Your fancy plugins, even free ones, will be obsolete in a year or two, and I'll keep chugging along with these transistorized wonders.

For peanuts, you can acquire rack units that nobody remembers except "Yea, I saw an ad for that" that produce marvelous noises and splatty evil - and that can help you shape sound for a decade or more to com

Friday, September 23, 2011

track analysis: instep, mis-step, at the hour of judgement

 instep, mis-step, at the hour of judgement by rfurtkamp

Occasionally it's good to have the record button on standby at all times. Other times, well, you hit the button when a good idea strikes and you're conflicted: does the world really, truly need a stutter-step missing link between horn-driven yuppie jazz of the 1980s and me?

It was a case also of minimalism; I can hear where the horns go, and it was better to include them by omission, writing the duelling guitar pats around where they would have been.

Other than the obvious percussion, this is three tracks: 80s-inspired electric piano guitar synth patch, an octave down Danelectro lipstick Roland Vguitar with a light OD and echo, and a very modern rock guitar patch that uses just a hint of synth to round out the mean.

Wednesday, September 21, 2011

Seasick sailors and tape echo simulators

I am convinced that people programming the
dedicated digital replications of the Echoplex and other
tape echoes have never actually owned one for any
length of time.  If the tape warble was half as
bad as the simulators make it out to be, the tape
would be crushed and the roller jammed up and a
giant mess and swearing would have ensued. 
Tape echo had character, not a seasick sailor
vomiting at half-mast every note.   The only time I really noticed the warble or meaningful degredation was on some very short tape loops or if I let the loop really circulate for too long without cleaning.

These things were echo units, not one of the nigh-useless Eventide harmonizer factory presets.

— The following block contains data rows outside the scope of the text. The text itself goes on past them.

definition eval_level :: "nat \<Rightarrow> (nat \<Rightarrow> real) \<Rightarrow> real" where
  "eval_level n x = (THE e. \<exists>k k'. k \<in> {1..n} \<and> odd k \<and> k' \<in> {1..n} \<and> even k' \<and>
                           x k = e \<and> x k' = e)"

definition is_interval_nat :: "nat set \<Rightarrow> bool" where
  "is_interval_nat J \<longleftrightarrow> (\<forall>a\<in>J. \<forall>b\<in>J. \<forall>c. a \<le> c \<and> c \<le> b \<longrightarrow> c \<in> J)"

definition of_type :: "nat \<Rightarrow> int \<Rightarrow> nat \<Rightarrow> (nat \<Rightarrow> real) \<Rightarrow> bool" where
  "of_type n s m x \<longleftrightarrow>
     (\<exists>J :: nat \<Rightarrow> nat set.
        (\<forall>j\<in>{1..m}. J j \<noteq> {} \<and> is_interval_nat (J j)) \<and>
        (\<forall>j\<in>{1..m}. \<forall>j'\<in>{1..m}. j < j' \<longrightarrow> (\<forall>a\<in>J j. \<forall>b\<in>J j'. a < b)) \<and>
        (\<Union>j\<in>{1..m}. J j) = {1..n} \<and>
        (\<forall>j\<in>{1..m}. (\<exists>k\<in>J j. x k = eval_level n x) \<and>
                     (\<forall>k\<in>J j. x k = eval_level n x \<longrightarrow> (-1::int) ^ k = sstr s j)))"

text \<open>L^n_sigma for sigma = s * sigma^m (s in {1,-1}, m >= 2).\<close>
definition Lset :: "nat \<Rightarrow> int \<Rightarrow> nat \<Rightarrow> (nat \<Rightarrow> real) set" where
  "Lset n s m = {x \<in> Rn n. level n x \<and> of_type n s m x}"

end

theory Submission
  imports Defs
begin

I will say I don't miss having to clean the damn heads on my old RE-301 Chorus Echo between every set.

Don't miss that all.

Track analysis, "ready to come home now"

A newer track, studio improv as usual.   Which, to people who aren't familiar with the process, is non-rehearsed, non-scripted passages, recorded one at a time (since I do not have six arms).  Either the track works or it doesn't - I accept flaws and move on, or I scrap the entire thing.

Composition:
- two clean tracks, Fender Mustang (very soft pan, left/right split) to Fender Hot Rod Deluxe.
- distorted/fuzz track, hard left: MXR Blue Box (2 octave down fuzz) into Boss GL-100 "Guitar Driver" rackmount preamp.  Digitech Timebender analog delay on the verge of self-oscilating for effect.    Adds a nice low-end splatter and crackle and ambience to fill out the scene.
- distorted warble, hard right: Devi Ever Soda Meiser cranked, into Boss GL-100 again.  Adds cracking transistor warble with an overdefined tape saturation-style low end.
- fuzz background, center pan.  Boss GL-100 "HM-2 setting" into Devi Ever Soda Meiser.  Adds just the right amount of texture to the process.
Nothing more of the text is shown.